# Who is biting



## bentwoody66 (Aug 25, 2014)

http://pages.ebay.com/link/?nav=item.view&id=171433635140&alt=web If someone here on the cabe wins this bike for the 2 speed unit I'm in dire need of this rack! That is if the winner parts it out


----------



## Hubs-n-Spokes (Aug 26, 2014)

Parting this would be a damn shame. To those who know what it is anyway.


----------



## baronvoncatania (Aug 26, 2014)

*What make?*

Does someone know what make it is by the sprocket?


----------



## tripple3 (Aug 26, 2014)

*Cwc*



baronvoncatania said:


> Does someone know what make it is by the sprocket?




The sprocket and forks are Cleveland Welding Co.
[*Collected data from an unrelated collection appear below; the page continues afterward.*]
lemma power_card_UNIV_minus_1_eq_1:
  assumes "(x::'a::{finite,field}) \<noteq> 0"
  shows "x ^ (card (UNIV :: 'a set) - 1) = 1"
proof -
  define G :: "'a monoid" where "G = \<lparr>carrier = UNIV - {0::'a}, monoid.mult = (*), one = 1\<rparr>"
  interpret G: group G
    by (rule groupI) (auto simp: G_def intro!: bexI[of _ "inverse _"])
  have "x [^]\<^bsub>G\<^esub> n = x ^ n" for n
    by (induction n) (simp_all add: G_def mult.commute)
  moreover have "Coset.order G = card (UNIV :: 'a set) - 1"
    by (simp add: Coset.order_def G_def card_Diff_singleton)
  ultimately show ?thesis
    using G.pow_order_eq_1[of x] assms by (simp add: G_def)
qed

lemma power_card_UNIV_eq_self: "(x::'a::{finite,field}) ^ card (UNIV :: 'a set) = x"
proof (cases "x = 0")
  case False
  have "x ^ card (UNIV :: 'a set) = x * x ^ (card (UNIV :: 'a set) - 1)"
    using finite_UNIV_card_ge_0[where 'a='a] by (simp flip: power_Suc)
  then show ?thesis
    using power_card_UNIV_minus_1_eq_1[OF False] by simp
qed (simp add: finite_UNIV_card_ge_0)

lemma zero_notin_sq_set: "0 \<notin> sq_set"
  by (simp add: sq_set_def)

lemma power2_in_sq_set: "x \<noteq> 0 \<Longrightarrow> x ^ 2 \<in> sq_set"
  by (auto simp: sq_set_def)

lemma one_in_sq_set: "1 \<in> sq_set"
  using power2_in_sq_set[of 1] by simp

lemma card_sq_set:
  assumes "(2::'a::{finite,field}) \<noteq> 0"
  shows "2 * card (sq_set::'a set) = card (UNIV :: 'a set) - 1"
proof -
  let ?U = "UNIV - {0::'a}"
  have "(\<Sum>y\<in>sq_set. card {x\<in>?U. x ^ 2 = y}) = 1 * card ?U"
  proof (rule sum_multicount)
    have "{y\<in>sq_set. x ^ 2 = y} = {x ^ 2}" if "x \<in> ?U" for x
      using that power2_in_sq_set by auto
    then show "\<forall>x\<in>?U. card {y\<in>sq_set. x ^ 2 = y} = 1"
      by simp
  qed simp_all
  moreover have "card {x\<in>?U. x ^ 2 = y} = 2" if "y \<in> sq_set" for y
  proof -
    obtain r where "r \<noteq> 0" "y = r ^ 2"
      using \<open>y \<in> sq_set\<close> by (auto simp: sq_set_def)
    moreover have "r \<noteq> - r"
    proof
      assume "r = - r"
      then have "2 * r = 0"
        by (metis add.right_inverse mult_2)
      with \<open>r \<noteq> 0\<close> assms show False
        by simp
    qed
    ultimately have "{x\<in>?U. x ^ 2 = y} = {r, - r}"
      by (auto simp: power2_eq_iff)
    then show ?thesis
      using \<open>r \<noteq> - r\<close> by simp
  qed
  ultimately show ?thesis
    by (simp add: card_Diff_singleton)
qed
(* If $\mathcal{O}_0$ and $\mathcal{O}_1$ are decomposable sets of upwards closed modalities for the same signature $\Sigma$, then $\mathcal{O}_0\cup\mathcal{O}_1$ is decomposable.
   Context: $\Sigma$ is a signature of effect operations with arities $\alpha^n\to\alpha$, $\mathbf{N}\times\alpha^n\to\alpha$, $\alpha^{\mathbf{N}}\to\alpha$ or $\mathbf{N}\times\alpha^{\mathbf{N}}\to\alpha$. $TX$ is the set of possibly infinite labelled trees with leaves $\bot$ or elements of $X$ and internal nodes labelled by operations (or $\sigma_m$, $m\in\mathbb{N}$) with children according to arity; $t\le t'$ iff $t$ is obtained from $t'$ by replacing subtrees with $\bot$. $\mu:TTX\to TX$ replaces each leaf of a tree of trees by that tree. $\mathbf{1}=\{*\}$. A modality $o$ has an interpretation $[\![o]\!]\subseteq T\mathbf{1}$; upwards closed means $[\![o]\!]$ is upward closed under $\le$. $t[\in P]\in T\mathbf{1}$ replaces leaves in $P$ by $*$ and other $X$-leaves by $\bot$; $o(A)=\{t\in TX\mid t[\in A]\in[\![o]\!]\}$. For a set $\mathcal{O}$ of modalities: $\mathcal{T}_{\mathcal{O}}$ is the least class of formulas containing $o(\top),o(\bot)$ ($o\in\mathcal{O}$) closed under arbitrary $\bigvee,\bigwedge$, with $[\![o(\top)]\!]=o(\{*\})$, $[\![o(\bot)]\!]=o(\emptyset)$, unions/intersections; $t\trianglelefteq_{\mathcal{O}} t'$ iff $\forall\Phi\in\mathcal{T}_{\mathcal{O}}$, $t\in[\![\Phi]\!]\Rightarrow t'\in[\![\Phi]\!]$; for $r,r'\in TT\mathbf{1}$, $r\preccurlyeq_{\mathcal{O}} r'$ iff $\forall o\in\mathcal{O}\,\forall\Phi\in\mathcal{T}_{\mathcal{O}}$, $r\in o([\![\Phi]\!])\Rightarrow r'\in o([\![\Phi]\!])$. $\mathcal{O}$ is decomposable if $r\preccurlyeq_{\mathcal{O}} r'$ implies $\mu r\trianglelefteq_{\mathcal{O}}\mu r'$ for all $r,r'\in TT\mathbf{1}$. *)

theory Defs
  imports Main
begin

text \<open>The four admissible arities of an effect operation:
  Fin n = alpha^n -> alpha,  NFin n = N x alpha^n -> alpha,
  Inf = alpha^N -> alpha,    NInf = N x alpha^N -> alpha.
  A signature is a type of operation symbols together with an arity map.\<close>
datatype arity = Fin nat | NFin nat | Inf | NInf

text \<open>Internal nodes carry an operation symbol
  and, for operations with a natural-number parameter, the parameter m (Some m; this
  is the node label sigma_m), otherwise None.\<close>
codatatype ('o, 'x) tree =
    Bot
  | Leaf 'x
  | FNode 'o "nat option" "('o, 'x) tree list"
  | INode 'o "nat option" "nat \<Rightarrow> ('o, 'x) tree"

text \<open>Well-formedness w.r.t. the signature, with leaves taken from the set A.
  T X = trees ar X.\<close>
coinductive wft :: "('o \<Rightarrow> arity) \<Rightarrow> 'x set \<Rightarrow> ('o, 'x) tree \<Rightarrow> bool"
  for ar :: "'o \<Rightarrow> arity" and A :: "'x set" where
  wft_Bot: "wft ar A Bot"
| wft_Leaf: "x \<in> A \<Longrightarrow> wft ar A (Leaf x)"
| wft_Fin: "ar f = Fin n \<Longrightarrow> length cs = n \<Longrightarrow> (\<forall>c\<in>set cs. wft ar A c)
      \<Longrightarrow> wft ar A (FNode f None cs)"
| wft_NFin: "ar f = NFin n \<Longrightarrow> length cs = n \<Longrightarrow> (\<forall>c\<in>set cs. wft ar A c)
      \<Longrightarrow> wft ar A (FNode f (Some m) cs)"
| wft_Inf: "ar f = Inf \<Longrightarrow> (\<forall>i. wft ar A (cs i)) \<Longrightarrow> wft ar A (INode f None cs)"
| wft_NInf: "ar f = NInf \<Longrightarrow> (\<forall>i. wft ar A (cs i)) \<Longrightarrow> wft ar A (INode f (Some m) cs)"

definition trees :: "('o \<Rightarrow> arity) \<Rightarrow> 'x set \<Rightarrow> ('o, 'x) tree set" where
  "trees ar X = {t. wft ar X t}"

coinductive tle :: "('o, 'x) tree \<Rightarrow> ('o, 'x) tree \<Rightarrow> bool" where
  tle_Bot: "tle Bot t"
| tle_Leaf: "tle (Leaf x) (Leaf x)"
| tle_FNode: "list_all2 tle cs ds \<Longrightarrow> tle (FNode f k cs) (FNode f k ds)"
| tle_INode: "(\<forall>i. tle (cs i) (ds i)) \<Longrightarrow> tle (INode f k cs) (INode f k ds)"

primcorec mu :: "('o, ('o, 'x) tree) tree \<Rightarrow> ('o, 'x) tree" where
  "mu r = (case r of
      Bot \<Rightarrow> Bot
    | Leaf t \<Rightarrow> t
    | FNode f k cs \<Rightarrow> FNode f k (map mu cs)
    | INode f k cs \<Rightarrow> INode f k (\<lambda>i. mu (cs i)))"

text \<open>t[\<in>P]: leaves in P become *, other leaves become Bot.\<close>
primcorec restr :: "'x set \<Rightarrow> ('o, 'x) tree \<Rightarrow> ('o, unit) tree" where
  "restr P t = (case t of
      Bot \<Rightarrow> Bot
    | Leaf x \<Rightarrow> (if x \<in> P then Leaf () else Bot)
    | FNode f k cs \<Rightarrow> FNode f k (map (restr P) cs)
    | INode f k cs \<Rightarrow> INode f k (\<lambda>i. restr P (cs i)))"

text \<open>Modalities are elements of a type 'm with interpretation I md \<subseteq> T 1.
  md(A) = {t \<in> T X | t[\<in>A] \<in> [[md]]}  (here X is the whole leaf type).\<close>
definition omod :: "('o \<Rightarrow> arity) \<Rightarrow> ('m \<Rightarrow> ('o, unit) tree set) \<Rightarrow> 'm \<Rightarrow> 'x set
    \<Rightarrow> ('o, 'x) tree set" where
  "omod ar I md A = {t \<in> trees ar UNIV. restr A t \<in> I md}"

definition upclosed :: "('o \<Rightarrow> arity) \<Rightarrow> ('m \<Rightarrow> ('o, unit) tree set) \<Rightarrow> 'm \<Rightarrow> bool" where
  "upclosed ar I md \<longleftrightarrow>
     (\<forall>t t'. t \<in> I md \<longrightarrow> t' \<in> trees ar UNIV \<longrightarrow> tle t t' \<longrightarrow> t' \<in> I md)"

text \<open>Interpretations [[Phi]] \<subseteq> T 1 of the formulas Phi in T_O: the least class containing
  md(top) = md({*}) and md(bot) = md({}) for md \<in> Os, closed under arbitrary unions and
  intersections (the empty intersection being T 1).\<close>
inductive_set fsem :: "('o \<Rightarrow> arity) \<Rightarrow> ('m \<Rightarrow> ('o, unit) tree set) \<Rightarrow> 'm set
    \<Rightarrow> ('o, unit) tree set set"
  for ar :: "'o \<Rightarrow> arity" and I :: "'m \<Rightarrow> ('o, unit) tree set" and Os :: "'m set" where
  fsem_top: "md \<in> Os \<Longrightarrow> omod ar I md {()} \<in> fsem ar I Os"
| fsem_bot: "md \<in> Os \<Longrightarrow> omod ar I md {} \<in> fsem ar I Os"
| fsem_Sup: "(\<forall>S\<in>F. S \<in> fsem ar I Os) \<Longrightarrow> \<Union>F \<in> fsem ar I Os"
| fsem_Inf: "(\<forall>S\<in>F. S \<in> fsem ar I Os) \<Longrightarrow> trees ar UNIV \<inter> \<Inter>F \<in> fsem ar I Os"

definition tri :: "('o \<Rightarrow> arity) \<Rightarrow> ('m \<Rightarrow> ('o, unit) tree set) \<Rightarrow> 'm set
    \<Rightarrow> ('o, unit) tree \<Rightarrow> ('o, unit) tree \<Rightarrow> bool" where
  "tri ar I Os t t' \<longleftrightarrow> (\<forall>\<Phi>\<in>fsem ar I Os. t \<in> \<Phi> \<longrightarrow> t' \<in> \<Phi>)"

definition curly :: "('o \<Rightarrow> arity) \<Rightarrow> ('m \<Rightarrow> ('o, unit) tree set) \<Rightarrow> 'm set
    \<Rightarrow> ('o, ('o, unit) tree) tree \<Rightarrow> ('o, ('o, unit) tree) tree \<Rightarrow> bool" where
  "curly ar I Os r r' \<longleftrightarrow>
     (\<forall>md\<in>Os. \<forall>\<Phi>\<in>fsem ar I Os. r \<in> omod ar I md \<Phi> \<longrightarrow> r' \<in> omod ar I md \<Phi>)"

definition decomposable :: "('o \<Rightarrow> arity) \<Rightarrow> ('m \<Rightarrow> ('o, unit) tree set) \<Rightarrow> 'm set \<Rightarrow> bool" where
  "decomposable ar I Os \<longleftrightarrow>
     (\<forall>r r'. r \<in> trees ar (trees ar UNIV) \<longrightarrow> r' \<in> trees ar (trees ar UNIV) \<longrightarrow>
        curly ar I Os r r' \<longrightarrow> tri ar I Os (mu r) (mu r'))"

end

theory Submission
  imports Defs
begin

text \<open>A formula over \<open>O\<^sub>0 \<union> O\<^sub>1\<close> is built from basic formulas of \<open>O\<^sub>0\<close> or of \<open>O\<^sub>1\<close>, so the
  preorder of \<open>O\<^sub>0 \<union> O\<^sub>1\<close> on \<open>T 1\<close> is the intersection of the two preorders.  On the other
  hand, the relation on \<open>T T 1\<close> only gets stronger as the set of modalities grows.
  Hence \<open>r \<preccurlyeq> r'\<close> for \<open>O\<^sub>0 \<union> O\<^sub>1\<close> gives it for \<open>O\<^sub>0\<close> and \<open>O\<^sub>1\<close>, decomposability of each yields
  \<open>\<mu> r \<unlhd> \<mu> r'\<close> for both, and these combine to \<open>\<mu> r \<unlhd> \<mu> r'\<close> for the union.\<close>

lemma fsem_mono: "\<Phi> \<in> fsem ar I Os \<Longrightarrow> Os \<subseteq> Os' \<Longrightarrow> \<Phi> \<in> fsem ar I Os'"
  by (induction rule: fsem.induct) (auto intro: fsem.intros)

lemma trees_UNIV_in_fsem: "trees ar UNIV \<in> fsem ar I Os"
  using fsem_Inf[of "{}" ar I Os] by simp

lemma curly_antimono: "curly ar I Os' r r' \<Longrightarrow> Os \<subseteq> Os' \<Longrightarrow> curly ar I Os r r'"
  unfolding curly_def using fsem_mono by (metis subsetD)

lemma tri_Un:
  assumes tri0: "tri ar I O0 t t'" and tri1: "tri ar I O1 t t'"
  shows "tri ar I (O0 \<union> O1) t t'"
  unfolding tri_def
proof
  fix \<Phi> assume "\<Phi> \<in> fsem ar I (O0 \<union> O1)"
  then show "t \<in> \<Phi> \<longrightarrow> t' \<in> \<Phi>"
  proof (induction rule: fsem.induct)
    case (fsem_top md)
    then have "omod ar I md {()} \<in> fsem ar I O0 \<or> omod ar I md {()} \<in> fsem ar I O1"
      by (auto intro: fsem.fsem_top)
    then show ?case using tri0 tri1 unfolding tri_def by auto
  next
    case (fsem_bot md)
    then have "omod ar I md {} \<in> fsem ar I O0 \<or> omod ar I md {} \<in> fsem ar I O1"
      by (auto intro: fsem.fsem_bot)
    then show ?case using tri0 tri1 unfolding tri_def by auto
  next
    case (fsem_Sup F)
    then show ?case by blast
  next
    case (fsem_Inf F)
    have "t \<in> trees ar UNIV \<longrightarrow> t' \<in> trees ar UNIV"
      using tri0 trees_UNIV_in_fsem[of ar I O0] unfolding tri_def by simp
    with fsem_Inf show ?case by auto
  qed
qed

lemma decomposable_Un:
  assumes "decomposable ar I O0" and "decomposable ar I O1"
  shows "decomposable ar I (O0 \<union> O1)"
  unfolding decomposable_def
proof (intro allI impI)
  fix r r'
  assume r: "r \<in> trees ar (trees ar UNIV)" "r' \<in> trees ar (trees ar UNIV)"
    and curly_Un: "curly ar I (O0 \<union> O1) r r'"
  have "tri ar I O0 (mu r) (mu r')"
    using assms(1) r curly_antimono[OF curly_Un, of O0] unfolding decomposable_def by simp
  moreover have "tri ar I O1 (mu r) (mu r')"
    using assms(2) r curly_antimono[OF curly_Un, of O1] unfolding decomposable_def by simp
  ultimately show "tri ar I (O0 \<union> O1) (mu r) (mu r')" by (rule tri_Un)
qed

theorem lemma4p20:
  fixes ar :: "'o \<Rightarrow> arity" and I :: "'m \<Rightarrow> ('o, unit) tree set"
    and O0 O1 :: "'m set"
  assumes "\<forall>md\<in>O0 \<union> O1. I md \<subseteq> trees ar UNIV"
    and "\<forall>md\<in>O0. upclosed ar I md"
    and "\<forall>md\<in>O1. upclosed ar I md"
    and "decomposable ar I O0"
    and "decomposable ar I O1"
  shows "decomposable ar I (O0 \<union> O1)"
  using assms(4,5) by (rule decomposable_Un)

end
I think the rack too which figures....


----------



## baronvoncatania (Aug 26, 2014)

*What year approx?*

Anybody want to guess on a year? obviously pre war.


----------



## Freqman1 (Aug 26, 2014)

Based on the fork I say '36. V/r Shawn


----------



## bentwoody66 (Aug 26, 2014)

Its a 36 standard model. Bottom line of the year.


----------



## bentwoody66 (Aug 26, 2014)

Oh yea it is a roadmaster


----------